# The data:

++++++

(* For every constant $C$ with $0<C<1/\log 4$ there exists a constant $E>0$ depending on $C$ such that, for all sufficiently large positive integers $N$ and all $x\in\left[N,\exp\!\left(C(\log N)^2\right)\right]$, \[ |\varrho_N(x)|\le\exp\!\left(-\frac{\pi^2}{400^2}\exp\!\left(E\sqrt{\log x}\right)\right). \]
   Context: For a positive integer $N$ and real $x$, $\varrho_N(x):=\prod_{n=1}^N\cos(\pi x/n)$. *)

theory Defs
  imports "HOL-Analysis.Analysis"
begin

definition rho :: "nat \<Rightarrow> real \<Rightarrow> real" where
  "rho N x = (\<Prod>n=1..N. cos (pi * x / real n))"

end

theory Submission
  imports Defs "HOL-Real_Asymp.Real_Asymp"
begin

(* Every factor of rho N x is at most 1, and |cos (pi * x / n)| <= exp (- e^2) as soon as x / n
   is at distance at least e from the integers, so it suffices to find many n <= N with x / n far
   from the integers.

   The k-th difference of n \<mapsto> x / n is k! x / (n (n + 1) ... (n + k)). The k-th difference of
   an integer sequence is an integer, and differencing k times enlarges errors by at most 2^k.
   Hence, whenever k! x / (n ... (n + k)) lies in [1/8, 1/2], one of x / n, ..., x / (n + k) is at
   distance at least 1 / (16 * 2^k) from the integers. Writing x = X^(k+1), this happens for all n
   in a range of length about X / (k + 1) just above X, which contains about X / (k + 1)^2 disjoint
   blocks of k + 1 consecutive integers, and so
   |rho N x| <= exp (- X / (512 (k + 1)^2 4^k)) provided 4 (k + 1) X <= N.

   Finally take k + 1 = ceil (ln x / (kappa ln N)), so that X is about N^kappa <= N, where
   C ln 4 < kappa^2 < 1. The loss 4^k <= N^(C ln 4 / kappa) is then smaller than X by a power of N,
   and a power of N is at least exp (E sqrt (ln x)) because ln x <= C (ln N)^2. *)

(* (-1)^k times the usual k-th forward difference, so that the differences of n \<mapsto> x / n are
   positive. *)
fun fdiff :: "nat \<Rightarrow> (nat \<Rightarrow> 'a::ab_group_add) \<Rightarrow> nat \<Rightarrow> 'a" where
  "fdiff 0 f n = f n"
| "fdiff (Suc k) f n = fdiff k f n - fdiff k f (Suc n)"

lemma fdiff_diff: "fdiff k (\<lambda>m. f m - g m) n = fdiff k f n - fdiff k g n"
  by (induction k arbitrary: n) auto

lemma fdiff_Ints:
  fixes f :: "nat \<Rightarrow> 'a::ring_1"
  shows "(\<And>i. i \<le> k \<Longrightarrow> f (n + i) \<in> \<int>) \<Longrightarrow> fdiff k f n \<in> \<int>"
proof (induction k arbitrary: n)
  case 0
  then show ?case using "0.prems"[of 0] by simp
next
  case (Suc k)
  have "fdiff k f n \<in> \<int>" using Suc.prems by (intro Suc.IH) auto
  moreover have "fdiff k f (Suc n) \<in> \<int>" using Suc.prems[of "Suc _"] by (intro Suc.IH) auto
  ultimately show ?case by simp
qed

lemma abs_fdiff_less:
  fixes f :: "nat \<Rightarrow> 'a::linordered_idom"
  shows "(\<And>i. i \<le> k \<Longrightarrow> \<bar>f (n + i)\<bar> < e) \<Longrightarrow> \<bar>fdiff k f n\<bar> < 2 ^ k * e"
proof (induction k arbitrary: n)
  case 0
  then show ?case using "0.prems"[of 0] by simp
next
  case (Suc k)
  have "\<bar>fdiff k f n\<bar> < 2 ^ k * e" using Suc.prems by (intro Suc.IH) auto
  moreover have "\<bar>fdiff k f (Suc n)\<bar> < 2 ^ k * e" using Suc.prems[of "Suc _"] by (intro Suc.IH) auto
  ultimately show ?case by simp
qed

lemma fdiff_near_Ints:
  fixes f :: "nat \<Rightarrow> 'a::linordered_idom"
  assumes "\<And>i. i \<le> k \<Longrightarrow> \<exists>a\<in>\<int>. \<bar>f (n + i) - a\<bar> < e"
  shows "\<exists>z\<in>\<int>. \<bar>fdiff k f n - z\<bar> < 2 ^ k * e"
proof -
  have "\<forall>i. \<exists>a. i \<le> k \<longrightarrow> a \<in> \<int> \<and> \<bar>f (n + i) - a\<bar> < e" using assms by blast
  then obtain a where a: "\<And>i. i \<le> k \<Longrightarrow> a i \<in> \<int> \<and> \<bar>f (n + i) - a i\<bar> < e"
    by (metis choice)
  define g where "g m = a (m - n)" for m
  have "fdiff k g n \<in> \<int>" using a by (intro fdiff_Ints) (simp add: g_def)
  moreover have "\<bar>fdiff k (\<lambda>m. f m - g m) n\<bar> < 2 ^ k * e"
    using a by (intro abs_fdiff_less) (simp add: g_def)
  ultimately show ?thesis by (auto simp: fdiff_diff)
qed

lemma fdiff_divide:
  fixes x :: real
  assumes "n \<ge> 1"
  shows "fdiff k (\<lambda>m. x / real m) n = fact k * x / pochhammer (real n) (Suc k)"
  using assms
proof (induction k arbitrary: n)
  case (Suc k)
  define P where "P = pochhammer (real n) (Suc k)"
  define Q where "Q = pochhammer (real n + 1) (Suc k)"
  define R where "R = pochhammer (real n) (Suc (Suc k))"
  have pos: "P > 0" "Q > 0" "R > 0"
    using Suc.prems by (auto simp: P_def Q_def R_def intro!: pochhammer_pos)
  have "R = P * (real n + real k + 1)"
    unfolding P_def R_def by (subst pochhammer_Suc) simp
  then have P: "1 / P = (real n + real k + 1) / R" using pos by (simp add: field_simps)
  have "R = real n * Q" unfolding Q_def R_def by (rule pochhammer_rec)
  then have Q: "1 / Q = real n / R" using pos Suc.prems by (simp add: field_simps)
  have "fdiff (Suc k) (\<lambda>m. x / real m) n = fact k * x * (1 / P - 1 / Q)"
    using Suc by (simp add: P_def Q_def add.commute right_diff_distrib)
  also have "\<dots> = fact (Suc k) * x / R"
    unfolding P Q by (simp add: diff_divide_distrib[symmetric] algebra_simps)
  finally show ?case unfolding R_def .
qed simp

lemma pochhammer_ge_power:
  fixes t :: "'a::linordered_semidom"
  shows "0 \<le> t \<Longrightarrow> t ^ n \<le> pochhammer t n"
  unfolding pochhammer_prod by (rule order.trans[OF _ prod_mono[of _ "\<lambda>_. t"]]) auto

lemma pochhammer_le_power:
  fixes t :: "'a::linordered_semidom"
  shows "0 \<le> t \<Longrightarrow> pochhammer t (Suc k) \<le> (t + of_nat k) ^ Suc k"
  unfolding pochhammer_prod by (rule order.trans[OF prod_mono[of _ _ "\<lambda>_. t + of_nat k"]]) auto

lemma pochhammer_mono:
  fixes t :: "'a::linordered_semidom"
  shows "0 \<le> t \<Longrightarrow> t \<le> t' \<Longrightarrow> pochhammer t n \<le> pochhammer t' n"
  unfolding pochhammer_prod by (intro prod_mono) auto

lemma pochhammer_le_scaled:
  fixes t :: "'a::linordered_field"
  assumes "0 < t" "t \<le> t'"
  shows "pochhammer t' n \<le> (t' / t) ^ n * pochhammer t n"
proof -
  have "t' + of_nat i \<le> t' / t * (t + of_nat i)" for i
  proof -
    have "t * of_nat i \<le> t' * of_nat i" using assms by (intro mult_right_mono) auto
    then show ?thesis using assms by (simp add: field_simps)
  qed
  then have "pochhammer t' n \<le> (\<Prod>i=0..<n. t' / t * (t + of_nat i))"
    unfolding pochhammer_prod using assms by (intro prod_mono) auto
  also have "\<dots> = (t' / t) ^ n * pochhammer t n"
    unfolding prod.distrib pochhammer_prod by simp
  finally show ?thesis .
qed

++++++

# Task instructions:
Every line above is to be transcribed exactly, with nothing missed.

# Written answer:
(* For every constant $C$ with $0<C<1/\log 4$ there exists a constant $E>0$ depending on $C$ such that, for all sufficiently large positive integers $N$ and all $x\in\left[N,\exp\!\left(C(\log N)^2\right)\right]$, \[ |\varrho_N(x)|\le\exp\!\left(-\frac{\pi^2}{400^2}\exp\!\left(E\sqrt{\log x}\right)\right). \]
   Context: For a positive integer $N$ and real $x$, $\varrho_N(x):=\prod_{n=1}^N\cos(\pi x/n)$. *)

theory Defs
  imports "HOL-Analysis.Analysis"
begin

definition rho :: "nat \<Rightarrow> real \<Rightarrow> real" where
  "rho N x = (\<Prod>n=1..N. cos (pi * x / real n))"

end

theory Submission
  imports Defs "HOL-Real_Asymp.Real_Asymp"
begin

(* Every factor of rho N x is at most 1, and |cos (pi * x / n)| <= exp (- e^2) as soon as x / n
   is at distance at least e from the integers, so it suffices to find many n <= N with x / n far
   from the integers.

   The k-th difference of n \<mapsto> x / n is k! x / (n (n + 1) ... (n + k)). The k-th difference of
   an integer sequence is an integer, and differencing k times enlarges errors by at most 2^k.
   Hence, whenever k! x / (n ... (n + k)) lies in [1/8, 1/2], one of x / n, ..., x / (n + k) is at
   distance at least 1 / (16 * 2^k) from the integers. Writing x = X^(k+1), this happens for all n
   in a range of length about X / (k + 1) just above X, which contains about X / (k + 1)^2 disjoint
   blocks of k + 1 consecutive integers, and so
   |rho N x| <= exp (- X / (512 (k + 1)^2 4^k)) provided 4 (k + 1) X <= N.

   Finally take k + 1 = ceil (ln x / (kappa ln N)), so that X is about N^kappa <= N, where
   C ln 4 < kappa^2 < 1. The loss 4^k <= N^(C ln 4 / kappa) is then smaller than X by a power of N,
   and a power of N is at least exp (E sqrt (ln x)) because ln x <= C (ln N)^2. *)

(* (-1)^k times the usual k-th forward difference, so that the differences of n \<mapsto> x / n are
   positive. *)
fun fdiff :: "nat \<Rightarrow> (nat \<Rightarrow> 'a::ab_group_add) \<Rightarrow> nat \<Rightarrow> 'a" where
  "fdiff 0 f n = f n"
| "fdiff (Suc k) f n = fdiff k f n - fdiff k f (Suc n)"

lemma fdiff_diff: "fdiff k (\<lambda>m. f m - g m) n = fdiff k f n - fdiff k g n"
  by (induction k arbitrary: n) auto

lemma fdiff_Ints:
  fixes f :: "nat \<Rightarrow> 'a::ring_1"
  shows "(\<And>i. i \<le> k \<Longrightarrow> f (n + i) \<in> \<int>) \<Longrightarrow> fdiff k f n \<in> \<int>"
proof (induction k arbitrary: n)
  case 0
  then show ?case using "0.prems"[of 0] by simp
next
  case (Suc k)
  have "fdiff k f n \<in> \<int>" using Suc.prems by (intro Suc.IH) auto
  moreover have "fdiff k f (Suc n) \<in> \<int>" using Suc.prems[of "Suc _"] by (intro Suc.IH) auto
  ultimately show ?case by simp
qed

lemma abs_fdiff_less:
  fixes f :: "nat \<Rightarrow> 'a::linordered_idom"
  shows "(\<And>i. i \<le> k \<Longrightarrow> \<bar>f (n + i)\<bar> < e) \<Longrightarrow> \<bar>fdiff k f n\<bar> < 2 ^ k * e"
proof (induction k arbitrary: n)
  case 0
  then show ?case using "0.prems"[of 0] by simp
next
  case (Suc k)
  have "\<bar>fdiff k f n\<bar> < 2 ^ k * e" using Suc.prems by (intro Suc.IH) auto
  moreover have "\<bar>fdiff k f (Suc n)\<bar> < 2 ^ k * e" using Suc.prems[of "Suc _"] by (intro Suc.IH) auto
  ultimately show ?case by simp
qed

lemma fdiff_near_Ints:
  fixes f :: "nat \<Rightarrow> 'a::linordered_idom"
  assumes "\<And>i. i \<le> k \<Longrightarrow> \<exists>a\<in>\<int>. \<bar>f (n + i) - a\<bar> < e"
  shows "\<exists>z\<in>\<int>. \<bar>fdiff k f n - z\<bar> < 2 ^ k * e"
proof -
  have "\<forall>i. \<exists>a. i \<le> k \<longrightarrow> a \<in> \<int> \<and> \<bar>f (n + i) - a\<bar> < e" using assms by blast
  then obtain a where a: "\<And>i. i \<le> k \<Longrightarrow> a i \<in> \<int> \<and> \<bar>f (n + i) - a i\<bar> < e"
    by (metis choice)
  define g where "g m = a (m - n)" for m
  have "fdiff k g n \<in> \<int>" using a by (intro fdiff_Ints) (simp add: g_def)
  moreover have "\<bar>fdiff k (\<lambda>m. f m - g m) n\<bar> < 2 ^ k * e"
    using a by (intro abs_fdiff_less) (simp add: g_def)
  ultimately show ?thesis by (auto simp: fdiff_diff)
qed

lemma fdiff_divide:
  fixes x :: real
  assumes "n \<ge> 1"
  shows "fdiff k (\<lambda>m. x / real m) n = fact k * x / pochhammer (real n) (Suc k)"
  using assms
proof (induction k arbitrary: n)
  case (Suc k)
  define P where "P = pochhammer (real n) (Suc k)"
  define Q where "Q = pochhammer (real n + 1) (Suc k)"
  define R where "R = pochhammer (real n) (Suc (Suc k))"
  have pos: "P > 0" "Q > 0" "R > 0"
    using Suc.prems by (auto simp: P_def Q_def R_def intro!: pochhammer_pos)
  have "R = P * (real n + real k + 1)"
    unfolding P_def R_def by (subst pochhammer_Suc) simp
  then have P: "1 / P = (real n + real k + 1) / R" using pos by (simp add: field_simps)
  have "R = real n * Q" unfolding Q_def R_def by (rule pochhammer_rec)
  then have Q: "1 / Q = real n / R" using pos Suc.prems by (simp add: field_simps)
  have "fdiff (Suc k) (\<lambda>m. x / real m) n = fact k * x * (1 / P - 1 / Q)"
    using Suc by (simp add: P_def Q_def add.commute right_diff_distrib)
  also have "\<dots> = fact (Suc k) * x / R"
    unfolding P Q by (simp add: diff_divide_distrib[symmetric] algebra_simps)
  finally show ?case unfolding R_def .
qed simp

lemma pochhammer_ge_power:
  fixes t :: "'a::linordered_semidom"
  shows "0 \<le> t \<Longrightarrow> t ^ n \<le> pochhammer t n"
  unfolding pochhammer_prod by (rule order.trans[OF _ prod_mono[of _ "\<lambda>_. t"]]) auto

lemma pochhammer_le_power:
  fixes t :: "'a::linordered_semidom"
  shows "0 \<le> t \<Longrightarrow> pochhammer t (Suc k) \<le> (t + of_nat k) ^ Suc k"
  unfolding pochhammer_prod by (rule order.trans[OF prod_mono[of _ _ "\<lambda>_. t + of_nat k"]]) auto

lemma pochhammer_mono:
  fixes t :: "'a::linordered_semidom"
  shows "0 \<le> t \<Longrightarrow> t \<le> t' \<Longrightarrow> pochhammer t n \<le> pochhammer t' n"
  unfolding pochhammer_prod by (intro prod_mono) auto

lemma pochhammer_le_scaled:
  fixes t :: "'a::linordered_field"
  assumes "0 < t" "t \<le> t'"
  shows "pochhammer t' n \<le> (t' / t) ^ n * pochhammer t n"
proof -
  have "t' + of_nat i \<le> t' / t * (t + of_nat i)" for i
  proof -
    have "t * of_nat i \<le> t' * of_nat i" using assms by (intro mult_right_mono) auto
    then show ?thesis using assms by (simp add: field_simps)
  qed
  then have "pochhammer t' n \<le> (\<Prod>i=0..<n. t' / t * (t + of_nat i))"
    unfolding pochhammer_prod using assms by (intro prod_mono) auto
  also have "\<dots> = (t' / t) ^ n * pochhammer t n"
    unfolding prod.distrib pochhammer_prod by simp
  finally show ?thesis .
qed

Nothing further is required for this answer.